What is the best way to prove: Prove every x is Q.

Question

The example question is "prove that every integer that is divisible by 10 must be an even integer".

However this can be generalized to prove that every x is Q, where is a statement such as "must be an even integer". So what is the best way to approach this proof? Contradiction, contrapositive, direct?

My thinking was:

Question translates to $\forall A(10k=A\rightarrow A = 2c)$, such that $k\in\mathbb Z,c\in\mathbb Z$ (also can someone tell me if this way of translating the question is correct)

From there:

Let B be some number that is divisible by 10. In other words, $B=10K$, where $K\in\mathbb Z$

$B = 2(5K)\\B=2P$

Therefore, B is even because for some B, divisible by 10, B must be even by the definition of even numbers.

Is this form the best way to prove these types of questions? Does this count as a proof by contradiction?

Edit: Or would a proof by induction work best here? In that case how would this question be proven (I have an idea; just need a confirmation)?

Answer 1

So what is the best way to approach this proof?
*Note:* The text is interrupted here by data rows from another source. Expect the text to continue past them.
lemma DL_inv_Ad:
  assumes X: "X \<in> G" and W: "W \<in> lie_algebra G e"
  shows "DL mul e (ginv X) (Ad mul ginv e X W) = DR mul e (ginv X) W"
proof -
  define V where "V = DR mul e (ginv X) W"
  have V: "V \<in> tangent_space G (ginv X)"
    using frechet_derivative_in_tangent_space[OF differentiable_mul_right[of "ginv X"],
        where S = G and T = G and v = W and x = e] W
    unfolding V_def DR_def lie_algebra_def by (simp add: mul_closed inv_closed X l_one)
  have "DL mul e (ginv X) (Ad mul ginv e X W)
      = frechet_derivative (\<lambda>Z. mul (ginv X) (mul X Z)) (at (ginv X)) V"
    unfolding DL_def Ad_def V_def DR_def
    using frechet_derivative_compose_apply[OF differentiable_mul_left differentiable_mul_left]
    by (simp add: r_inv X)
  also have "\<dots> = frechet_derivative (\<lambda>Z. Z) (at (ginv X)) V"
    using V by (intro frechet_derivative_eq_on_tangent_space[where S = G]
        differentiable_compose_at[OF differentiable_mul_left differentiable_mul_left])
      (simp_all add: X mul_inv_cancel_left[of "ginv X", unfolded inv_inv[OF X]] inv_closed)
  finally show ?thesis
    unfolding V_def by simp
qed

lemma has_vector_derivative_inv_curve:
  assumes "X t \<in> G" "A \<in> lie_algebra G e" "B \<in> lie_algebra G e"
    and "(X has_vector_derivative DL mul e (X t) A + DR mul e (X t) B) (at t within S)"
  shows "((\<lambda>s. ginv (X s)) has_vector_derivative
           - DL mul e (ginv (X t)) (Ad mul ginv e (X t) A + B)) (at t within S)"
proof -
  have "frechet_derivative ginv (at (X t)) (DL mul e (X t) A + DR mul e (X t) B)
      = - DL mul e (ginv (X t)) (Ad mul ginv e (X t) A + B)"
    using assms
    by (simp add: linear_add[OF linear_frechet_derivative[OF differentiable_inv]]
        frechet_derivative_inv_DL frechet_derivative_inv_DR DL_inv_Ad linear_add[OF linear_DL])
  then show ?thesis
    using has_vector_derivative_compose_frechet[OF assms(4) differentiable_inv] by simp
qed

end

locale smooth_right_action = embedded_lie_group G mul ginv e
  for G :: "'g::euclidean_space set" and mul ginv e +
  fixes M :: "'m::euclidean_space set" and phi :: "'g \<Rightarrow> 'm \<Rightarrow> 'm"
  assumes right_action: "right_action G mul e M phi"
    and smooth_action: "smooth (\<lambda>p. phi (fst p) (snd p))"
begin

lemma action_closed: "X \<in> G \<Longrightarrow> x \<in> M \<Longrightarrow> phi X x \<in> M"
  and action_mul: "X \<in> G \<Longrightarrow> Y \<in> G \<Longrightarrow> x \<in> M \<Longrightarrow> phi Y (phi X x) = phi (mul X Y) x"
  and action_one: "x \<in> M \<Longrightarrow> phi e x = x"
  using right_action unfolding right_action_def by auto

text \<open>The two sides agree on the Lie algebra because the underlying maps agree on G;
linearity extends this to the span, needed because a tangent space as defined is not known to
be closed under addition.\<close>

lemma frechet_derivative_orbit_translate:
  assumes Y: "Y \<in> G" and x: "x \<in> M" and W: "W \<in> span (lie_algebra G e)"
  shows "frechet_derivative (\<lambda>E. phi E (phi Y x)) (at e) W
           = frechet_derivative (\<lambda>p. phi (fst p) (snd p)) (at (Y, x)) (DL mul e Y W, 0)"
proof -
  have "frechet_derivative (\<lambda>E. phi E (phi Y x)) (at e) W
      = frechet_derivative (\<lambda>E. phi (mul Y E) x) (at e) W"
  proof (rule linear_eq_on_span[OF _ _ _ W])
    fix V assume "V \<in> lie_algebra G e"
    then show "frechet_derivative (\<lambda>E. phi E (phi Y x)) (at e) V
        = frechet_derivative (\<lambda>E. phi (mul Y E) x) (at e) V"
      unfolding lie_algebra_def
      by (intro frechet_derivative_eq_on_tangent_space[where S = G])
        (simp_all add: differentiable_smooth2_left[OF smooth_action]
          differentiable_smooth2[OF smooth_action] differentiable_mul_left action_mul Y x)
  qed (simp_all add: linear_frechet_derivative differentiable_smooth2_left[OF smooth_action]
      differentiable_smooth2[OF smooth_action] differentiable_mul_left)
  also have "\<dots> = frechet_derivative (\<lambda>p. phi (fst p) (snd p)) (at (Y, x)) (DL mul e Y W, 0)"
    using frechet_derivative_smooth2[OF smooth_action, of "mul Y" e "\<lambda>E. x" W]
    by (simp add: differentiable_mul_left r_one Y DL_def)
  finally show ?thesis .
qed

lemma has_vector_derivative_action_curve:
  assumes Y: "Y t \<in> G" and \<xi>: "\<xi> t \<in> M" and V: "V \<in> span (lie_algebra G e)"
    and dY: "(Y has_vector_derivative - DL mul e (Y t) V) (at t within S)"
    and d\<xi>: "(\<xi> has_vector_derivative v) (at t within S)"
  shows "((\<lambda>s. phi (Y s) (\<xi> s)) has_vector_derivative
           frechet_derivative (phi (Y t)) (at (\<xi> t)) v
           - frechet_derivative (\<lambda>E. phi E (phi (Y t) (\<xi> t))) (at e) V) (at t within S)"
proof -
  let ?DP = "frechet_derivative (\<lambda>p. phi (fst p) (snd p)) (at (Y t, \<xi> t))"
  have lin: "linear ?DP"
    by (rule linear_frechet_derivative[OF smooth_imp_differentiable[OF smooth_action]])
  have "((\<lambda>s. phi (Y s) (\<xi> s)) has_vector_derivative ?DP (- DL mul e (Y t) V, v)) (at t within S)"
    using has_vector_derivative_compose_frechet[OF has_vector_derivative_Pair[OF dY d\<xi>]
        smooth_imp_differentiable[OF smooth_action]] by simp
  moreover have "?DP (- DL mul e (Y t) V, v) = ?DP (0, v) - ?DP (DL mul e (Y t) V, 0)"
    using linear_apply_pair[OF lin, where a = "- DL mul e (Y t) V" and b = v]
      linear_neg[OF lin, of "(DL mul e (Y t) V, 0)"] by simp
  ultimately show ?thesis
    by (simp add: frechet_derivative_smooth2_right[OF smooth_action]
        frechet_derivative_orbit_translate[OF Y \<xi> V])
qed

end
Contradiction, contrapositive, direct?

I think there is no "best way" to approach a proof. But most of the time a direct proof should be tried first, because they are most of the time more clear and have other advantages over a proof by contradiction, for example.

Like that a direct proof can give you an algorithm which you can use or implement.

Your translation of the question seems fine to me. Your proof also looks good, but it is not a proof by contradiction. That would be a direct proof.

A proof is generaly build like this. You assume, that $A$ holds and then you conclude $B$. $A\Rightarrow B$. $A$ is here the statement, that you have an integer $k$, which is divisable by $10$. And you want to conclude $B$, which is that $k$ has to be divisable by $2$.

In a proof by contradiction you assume, that not $B$ holds and conclude that not $A$ holds. $\neg B\Rightarrow \neg A$.

It is $A\Rightarrow B\leftrightarrow \neg B\Rightarrow \neg A$.

EDIT: (For the following note the answer of Arsen Berk)

[A proof by induction does not work here. First of all you are working over the integers, but induction is for statements over the natural numbers. Also I can not imagine how the inductive step should work out here. There is no link to this task and induction.]

Answer 2

I think your proof does not count as proof by contradiction, it is more like direct way of proving it and if you can think the direct way, in my opinion, it is clear enough (but it is a matter of style so I can't say this is the "best" way). Induction would also work here, but in your direct way, the argument is simple and clear enough to be understood so I don't think an inductive argument is needed for this kind of proof.

Since you asked it, proof by contradiction would be as the following:

Suppose, for a contradiction, that $x \in \mathbb{Z}$ and $x$ is divisible by $10$ but $x$ is not even. But since $10 = 2\cdot 5$, we need to have $2|x$ and $5|x$. But if $2|x$, then $x$ is an even integer, which is a contradiction as required. Therefore, $x$ must be an even integer.